There are prototypes and there are prototypes. Some are needed to verify that a chosen detection technology actually works, some help scientists test one technology against another, some help them design sturdy detector infrastructure with little material budget, working power supply and cooling, while others set out to prove that it is possible to have full detector functionality with all electronics set up like in the final detector. And then there are those that do it all at the same time.

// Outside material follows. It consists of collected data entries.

lemma L_mat_Q_bloch: "L_mat * Q_bloch = four_block_mat Dz L_Q_bloch_12 (0\<^sub>m N n) L_Q_bloch_22"
  (is "_ = ?B")
proof (rule eq_matI)
  fix i c assume "i < dim_row ?B" "c < dim_col ?B"
  hence i: "i < p" and c: "c < p" using Dz_carrier L_Q_bloch_22_carrier by auto
  show "(L_mat * Q_bloch) $$ (i,c) = ?B $$ (i,c)"
    using Dz_carrier L_Q_bloch_12_carrier L_Q_bloch_22_carrier
    by (cases rule: nat_less_add_cases[OF i]; cases rule: nat_less_add_cases[OF c])
       (simp_all add: L_mat_Q_bloch_index L_mat_bloch_mat_top L_mat_bloch_mat_bottom
         L_Q_bloch_12_def L_Q_bloch_22_def)
qed (use Dz_carrier L_Q_bloch_22_carrier in \<open>auto simp: L_mat_def Q_bloch_def\<close>)

lemma det_L_Q_bloch_22: "det L_Q_bloch_22 = (-1) ^ N"
proof -
  have "det L_Q_bloch_22 = prod_list (diag_mat L_Q_bloch_22)"
    by (rule det_lower_triangular[OF _ L_Q_bloch_22_carrier]) (simp add: L_Q_bloch_22_def L_mat_bottom)
  also have "\<dots> = (\<Prod>s<N. -1)"
    unfolding diag_mat_def using L_Q_bloch_22_carrier n_pos
    by (simp add: prod_list_map_upt L_Q_bloch_22_def L_mat_bottom)
  finally show ?thesis by simp
qed

lemma det_L_mat_Q_bloch: "det (L_mat * Q_bloch) = det Dz * (-1) ^ N"
  unfolding L_mat_Q_bloch det_L_Q_bloch_22[symmetric]
  by (rule det_four_block_mat_lower_left_zero[OF Dz_carrier L_Q_bloch_12_carrier refl L_Q_bloch_22_carrier])

definition bloch_head :: "complex poly mat" where "bloch_head = mat n n (\<lambda>(w,k). bloch_mat $$ (w,k))"
lemma bloch_head_carrier: "bloch_head \<in> carrier_mat n n" unfolding bloch_head_def by simp

lemma det_Q_bloch: "det Q_bloch = det bloch_head"
proof -
  have "Q_bloch = four_block_mat bloch_head (0\<^sub>m n N) (mat N n (\<lambda>(s,k). bloch_mat $$ (n + s,k))) (1\<^sub>m N)"
    by (rule eq_matI) (auto simp: Q_bloch_def bloch_head_def)
  thus ?thesis by (simp add: det_four_block_mat_upper_right_zero[OF bloch_head_carrier refl])
qed

lemma bloch_res_range: "0 \<le> bloch_res w" "bloch_res w < int n" unfolding bloch_res_def using n_pos by auto

lemma bloch_res_inj: assumes "w < n" "w' < n" "bloch_res w = bloch_res w'" shows "w = w'"
proof -
  have "(int w + jmin) mod int n = (int w' + jmin) mod int n"
    using assms(3) unfolding bloch_res_def wpos_minus_1 .
  hence d: "int n dvd int w - int w'" by (simp add: mod_eq_dvd_iff)
  show ?thesis
  proof (rule ccontr)
    assume "w \<noteq> w'"
    hence "\<bar>int n\<bar> \<le> \<bar>int w - int w'\<bar>" using d by (intro dvd_imp_le_int) auto
    thus False using assms by auto
  qed
qed

text \<open>The rows of \<open>bloch_head\<close> carry single monomials in distinct columns, so \<open>bloch_head\<close>
  is a monomial matrix and \<open>det bloch_head\<close> divides a power of \<open>z\<close>.\<close>
definition bloch_deg :: nat where "bloch_deg = (\<Sum>w<n. bloch_exp w)"
definition bloch_head_adj :: "complex poly mat" where
  "bloch_head_adj = mat n n (\<lambda>(k,w). if bloch_res w = int k then monom 1 (bloch_deg - bloch_exp w) else 0)"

The CALICE collaboration’s analogue hadronic calorimeter, or AHCAL, is an example of the last type. It is a prototype for a calorimeter – a subdetector that measures the energies of passing particles – that might one day be part of the ILD detector. It would work together with trackers, electromagnetic calorimeter and muon system to record, reconstruct, track and identify every particle produced in the collisions at the future ILC. The CALICE scientists are currently testing a prototype that takes a close look at detector infrastructure like cooling and power supply while at the same time comparing different kinds of silicon photomultipliers or SiPMs. These do the actual job of detection, and the collaboration is testing the latest and much advanced commercial silicon photomultipliers (SiPMs) from Russia, Ireland, Japan and Germany.
The HCAL prototype consists of one module, which corresponds to a slice of one sector of the future calorimeter barrel of the final detector. It has 1000 channels per square metre and it shares the space in the test beam area with CALICE electromagnetic calorimeter prototype modules from Japan – a true collaboration that also shares the same readout electronics. It’s also the first time that these calorimeters are taking data in a hadron beam after a few runs in electron beams at DESY in Germany.
“The readout isn’t working on all levels yet, but that’s what you’ve got to be prepared for when you go for test beams. So we can still take lots of useful data,” says test beam coordinator Katja Krüger from DESY. “All shifters are eager to help and to get their hands on the data.” “In fact, more shifters signed up for this test beam than we would need – it’s a great opportunity for students to participate in this exciting commissioning phase,” thinks Felix Sefkow, AHCAL leader and also from DESY. The AHCAL is a combined effort of 12 institutes from Germany, France, Russia, the US and the Czech Republic, and CERN.
After a period of poring over data and improving their understanding of the prototype, the collaboration is planning another test beam at CERN at the end of November. The active modules of the HCAL will also be used for testing the tungsten hadronic calorimeter prototype for a future CLIC detector.